WORK TO COMPLETE: For each line below that includes the word "loop", make a copy.
————
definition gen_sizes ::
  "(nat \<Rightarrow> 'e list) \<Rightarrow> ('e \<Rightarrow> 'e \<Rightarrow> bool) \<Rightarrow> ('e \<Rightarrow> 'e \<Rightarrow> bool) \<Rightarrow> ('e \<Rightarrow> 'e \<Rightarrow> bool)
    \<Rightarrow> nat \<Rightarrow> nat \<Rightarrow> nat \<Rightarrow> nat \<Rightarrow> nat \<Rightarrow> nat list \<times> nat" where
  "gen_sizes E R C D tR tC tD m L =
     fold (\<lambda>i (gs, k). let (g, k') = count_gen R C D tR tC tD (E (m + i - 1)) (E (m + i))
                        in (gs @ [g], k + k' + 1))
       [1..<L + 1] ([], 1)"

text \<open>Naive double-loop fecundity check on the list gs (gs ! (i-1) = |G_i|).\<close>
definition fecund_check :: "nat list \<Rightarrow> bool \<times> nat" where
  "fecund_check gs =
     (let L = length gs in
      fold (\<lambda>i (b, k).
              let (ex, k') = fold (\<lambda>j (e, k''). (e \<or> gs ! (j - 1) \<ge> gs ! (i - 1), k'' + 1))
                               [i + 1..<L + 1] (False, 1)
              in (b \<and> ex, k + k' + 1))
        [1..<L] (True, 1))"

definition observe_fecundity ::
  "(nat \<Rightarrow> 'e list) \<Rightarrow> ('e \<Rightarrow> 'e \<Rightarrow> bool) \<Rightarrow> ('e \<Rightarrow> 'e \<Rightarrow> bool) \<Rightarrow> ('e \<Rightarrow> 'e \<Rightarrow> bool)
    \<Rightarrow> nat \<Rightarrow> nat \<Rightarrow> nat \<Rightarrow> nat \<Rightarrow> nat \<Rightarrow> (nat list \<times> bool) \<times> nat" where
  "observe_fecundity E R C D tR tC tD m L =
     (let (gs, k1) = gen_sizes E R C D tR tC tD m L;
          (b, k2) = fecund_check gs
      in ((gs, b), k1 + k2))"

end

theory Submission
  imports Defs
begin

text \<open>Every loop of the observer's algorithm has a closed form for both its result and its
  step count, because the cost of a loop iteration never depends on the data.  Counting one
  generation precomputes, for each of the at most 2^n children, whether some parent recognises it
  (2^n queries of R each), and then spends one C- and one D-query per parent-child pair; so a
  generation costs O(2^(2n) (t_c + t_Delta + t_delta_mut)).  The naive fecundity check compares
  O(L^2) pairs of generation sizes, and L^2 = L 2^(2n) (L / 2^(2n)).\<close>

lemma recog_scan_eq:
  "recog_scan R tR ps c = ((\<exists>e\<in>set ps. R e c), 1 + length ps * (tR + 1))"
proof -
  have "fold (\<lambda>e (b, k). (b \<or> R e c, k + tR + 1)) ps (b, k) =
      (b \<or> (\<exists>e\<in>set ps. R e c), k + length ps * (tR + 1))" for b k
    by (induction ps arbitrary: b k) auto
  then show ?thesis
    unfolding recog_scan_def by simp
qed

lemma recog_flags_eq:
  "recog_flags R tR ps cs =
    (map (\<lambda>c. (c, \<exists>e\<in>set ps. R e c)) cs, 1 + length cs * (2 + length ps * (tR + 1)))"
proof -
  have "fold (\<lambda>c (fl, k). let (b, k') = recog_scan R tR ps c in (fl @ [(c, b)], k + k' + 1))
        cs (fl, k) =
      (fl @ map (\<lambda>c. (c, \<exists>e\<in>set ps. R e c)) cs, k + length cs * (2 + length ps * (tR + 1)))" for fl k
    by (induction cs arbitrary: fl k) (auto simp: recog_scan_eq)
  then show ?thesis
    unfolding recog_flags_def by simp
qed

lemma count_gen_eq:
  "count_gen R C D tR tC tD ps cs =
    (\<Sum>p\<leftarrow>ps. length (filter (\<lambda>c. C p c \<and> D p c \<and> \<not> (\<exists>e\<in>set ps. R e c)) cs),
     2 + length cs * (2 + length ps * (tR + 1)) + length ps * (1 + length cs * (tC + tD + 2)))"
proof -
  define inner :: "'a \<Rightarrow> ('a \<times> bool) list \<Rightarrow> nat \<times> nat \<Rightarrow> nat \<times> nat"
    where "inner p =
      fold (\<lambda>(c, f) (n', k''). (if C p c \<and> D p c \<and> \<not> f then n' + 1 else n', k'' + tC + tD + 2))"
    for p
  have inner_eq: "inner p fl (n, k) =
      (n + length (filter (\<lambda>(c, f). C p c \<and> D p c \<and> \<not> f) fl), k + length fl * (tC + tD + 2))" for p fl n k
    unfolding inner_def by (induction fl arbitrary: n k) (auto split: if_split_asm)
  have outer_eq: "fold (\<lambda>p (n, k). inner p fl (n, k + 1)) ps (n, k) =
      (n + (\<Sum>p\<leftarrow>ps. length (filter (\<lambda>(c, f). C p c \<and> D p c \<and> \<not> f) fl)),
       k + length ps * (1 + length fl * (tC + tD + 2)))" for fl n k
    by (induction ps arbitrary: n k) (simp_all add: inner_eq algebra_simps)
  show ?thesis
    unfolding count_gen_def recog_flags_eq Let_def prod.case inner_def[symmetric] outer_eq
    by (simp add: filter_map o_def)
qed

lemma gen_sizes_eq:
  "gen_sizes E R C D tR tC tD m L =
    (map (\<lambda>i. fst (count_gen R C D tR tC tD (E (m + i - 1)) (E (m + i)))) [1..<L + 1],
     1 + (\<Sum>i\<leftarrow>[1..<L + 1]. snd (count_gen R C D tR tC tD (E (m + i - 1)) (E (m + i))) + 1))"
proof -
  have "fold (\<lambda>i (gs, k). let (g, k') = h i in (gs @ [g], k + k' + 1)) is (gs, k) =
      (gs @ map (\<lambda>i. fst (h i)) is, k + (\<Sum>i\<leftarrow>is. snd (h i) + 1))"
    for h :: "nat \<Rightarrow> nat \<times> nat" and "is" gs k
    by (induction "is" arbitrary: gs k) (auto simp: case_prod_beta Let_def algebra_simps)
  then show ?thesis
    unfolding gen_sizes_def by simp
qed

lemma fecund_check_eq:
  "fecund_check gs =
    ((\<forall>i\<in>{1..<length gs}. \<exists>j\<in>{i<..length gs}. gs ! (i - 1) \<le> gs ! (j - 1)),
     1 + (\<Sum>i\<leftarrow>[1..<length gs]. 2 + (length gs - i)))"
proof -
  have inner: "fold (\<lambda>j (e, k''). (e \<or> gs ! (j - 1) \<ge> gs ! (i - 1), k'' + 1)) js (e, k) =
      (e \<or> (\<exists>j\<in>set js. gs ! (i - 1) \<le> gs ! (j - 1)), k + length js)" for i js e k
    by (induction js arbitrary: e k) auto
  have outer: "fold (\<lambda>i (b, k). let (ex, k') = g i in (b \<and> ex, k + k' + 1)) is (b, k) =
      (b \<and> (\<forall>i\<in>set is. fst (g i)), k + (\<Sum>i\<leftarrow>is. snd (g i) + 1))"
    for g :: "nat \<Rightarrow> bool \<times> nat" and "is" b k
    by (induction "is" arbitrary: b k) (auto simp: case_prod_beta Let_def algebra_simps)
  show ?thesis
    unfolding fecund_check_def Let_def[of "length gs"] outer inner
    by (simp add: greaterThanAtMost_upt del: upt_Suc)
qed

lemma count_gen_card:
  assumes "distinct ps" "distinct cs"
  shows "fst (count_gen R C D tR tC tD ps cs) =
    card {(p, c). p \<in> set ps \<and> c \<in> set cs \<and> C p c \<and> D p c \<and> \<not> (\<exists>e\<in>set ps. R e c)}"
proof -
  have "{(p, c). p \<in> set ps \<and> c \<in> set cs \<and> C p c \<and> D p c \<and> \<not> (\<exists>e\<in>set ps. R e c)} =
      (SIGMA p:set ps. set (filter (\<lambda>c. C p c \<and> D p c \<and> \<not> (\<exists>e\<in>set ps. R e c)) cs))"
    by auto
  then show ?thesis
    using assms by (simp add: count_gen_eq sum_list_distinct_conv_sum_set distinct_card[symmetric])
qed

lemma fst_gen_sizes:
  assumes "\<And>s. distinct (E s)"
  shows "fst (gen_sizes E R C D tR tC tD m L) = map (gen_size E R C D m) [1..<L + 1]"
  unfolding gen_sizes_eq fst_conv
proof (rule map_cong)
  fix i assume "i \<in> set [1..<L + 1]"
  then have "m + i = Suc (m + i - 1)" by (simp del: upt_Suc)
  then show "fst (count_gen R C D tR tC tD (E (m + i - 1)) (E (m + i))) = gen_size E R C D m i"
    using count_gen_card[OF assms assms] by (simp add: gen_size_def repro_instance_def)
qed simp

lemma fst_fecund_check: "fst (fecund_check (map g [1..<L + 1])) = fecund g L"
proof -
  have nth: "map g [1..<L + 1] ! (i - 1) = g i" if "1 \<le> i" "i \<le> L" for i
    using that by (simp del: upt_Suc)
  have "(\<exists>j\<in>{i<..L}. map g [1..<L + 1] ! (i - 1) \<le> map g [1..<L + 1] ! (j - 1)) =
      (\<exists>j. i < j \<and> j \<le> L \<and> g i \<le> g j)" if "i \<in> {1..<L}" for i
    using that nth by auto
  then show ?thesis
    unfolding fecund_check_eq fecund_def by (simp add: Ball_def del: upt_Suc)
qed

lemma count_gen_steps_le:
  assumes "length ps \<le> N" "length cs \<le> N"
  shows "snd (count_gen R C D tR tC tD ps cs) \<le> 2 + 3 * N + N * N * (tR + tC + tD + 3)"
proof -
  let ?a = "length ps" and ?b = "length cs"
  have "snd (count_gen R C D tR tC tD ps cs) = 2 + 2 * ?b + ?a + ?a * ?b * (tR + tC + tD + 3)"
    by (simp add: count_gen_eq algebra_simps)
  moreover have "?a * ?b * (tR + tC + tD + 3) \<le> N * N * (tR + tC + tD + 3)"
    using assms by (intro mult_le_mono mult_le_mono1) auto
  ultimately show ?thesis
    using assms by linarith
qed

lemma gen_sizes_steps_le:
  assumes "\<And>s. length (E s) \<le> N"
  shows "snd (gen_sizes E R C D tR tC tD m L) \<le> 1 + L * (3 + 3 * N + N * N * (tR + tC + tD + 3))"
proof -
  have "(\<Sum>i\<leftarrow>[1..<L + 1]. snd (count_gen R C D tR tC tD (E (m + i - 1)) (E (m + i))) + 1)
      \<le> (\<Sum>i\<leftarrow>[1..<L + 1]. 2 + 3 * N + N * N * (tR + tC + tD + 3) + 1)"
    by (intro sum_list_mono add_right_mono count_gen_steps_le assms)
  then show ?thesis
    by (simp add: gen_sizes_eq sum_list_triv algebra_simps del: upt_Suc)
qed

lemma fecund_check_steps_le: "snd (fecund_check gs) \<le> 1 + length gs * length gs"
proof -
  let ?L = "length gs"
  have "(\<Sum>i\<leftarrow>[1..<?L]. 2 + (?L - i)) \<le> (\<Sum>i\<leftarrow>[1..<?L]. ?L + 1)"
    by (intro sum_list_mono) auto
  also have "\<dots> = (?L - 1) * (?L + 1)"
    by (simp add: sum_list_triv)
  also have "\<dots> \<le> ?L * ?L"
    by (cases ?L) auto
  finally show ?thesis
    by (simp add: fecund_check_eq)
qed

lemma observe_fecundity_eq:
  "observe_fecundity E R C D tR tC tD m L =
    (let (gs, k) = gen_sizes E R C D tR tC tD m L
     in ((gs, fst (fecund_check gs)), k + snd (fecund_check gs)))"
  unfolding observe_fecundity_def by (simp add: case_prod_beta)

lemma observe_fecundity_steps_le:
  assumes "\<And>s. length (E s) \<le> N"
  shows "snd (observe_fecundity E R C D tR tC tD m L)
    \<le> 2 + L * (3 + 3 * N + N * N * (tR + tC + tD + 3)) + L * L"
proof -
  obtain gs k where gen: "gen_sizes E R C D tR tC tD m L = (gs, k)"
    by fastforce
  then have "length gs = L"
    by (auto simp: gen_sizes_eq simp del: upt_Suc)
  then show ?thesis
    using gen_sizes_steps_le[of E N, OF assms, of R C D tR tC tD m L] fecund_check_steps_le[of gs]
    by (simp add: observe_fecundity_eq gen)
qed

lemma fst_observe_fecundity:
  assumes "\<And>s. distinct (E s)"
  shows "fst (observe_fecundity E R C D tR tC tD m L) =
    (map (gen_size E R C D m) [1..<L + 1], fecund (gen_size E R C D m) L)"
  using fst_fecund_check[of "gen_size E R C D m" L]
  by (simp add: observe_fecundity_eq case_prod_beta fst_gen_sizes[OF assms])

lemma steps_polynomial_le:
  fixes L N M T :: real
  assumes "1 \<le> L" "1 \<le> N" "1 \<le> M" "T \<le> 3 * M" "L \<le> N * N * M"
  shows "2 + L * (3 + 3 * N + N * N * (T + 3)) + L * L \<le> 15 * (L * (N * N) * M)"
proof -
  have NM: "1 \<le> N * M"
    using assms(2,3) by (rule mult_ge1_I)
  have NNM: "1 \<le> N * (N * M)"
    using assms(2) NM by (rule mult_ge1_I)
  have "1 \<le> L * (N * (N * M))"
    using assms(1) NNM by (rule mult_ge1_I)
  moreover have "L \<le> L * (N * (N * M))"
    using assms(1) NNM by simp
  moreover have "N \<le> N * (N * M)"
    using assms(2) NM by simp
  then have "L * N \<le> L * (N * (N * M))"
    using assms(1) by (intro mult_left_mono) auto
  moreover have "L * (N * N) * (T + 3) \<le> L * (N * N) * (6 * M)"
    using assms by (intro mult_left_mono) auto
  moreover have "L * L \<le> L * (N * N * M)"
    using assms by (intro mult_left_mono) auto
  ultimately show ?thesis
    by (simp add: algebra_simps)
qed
————
SOLVED PROBLEM:
text \<open>Naive double-loop fecundity check on the list gs (gs ! (i-1) = |G_i|).\<close>
text \<open>Every loop of the observer's algorithm has a closed form for both its result and its
  step count, because the cost of a loop iteration never depends on the data.  Counting one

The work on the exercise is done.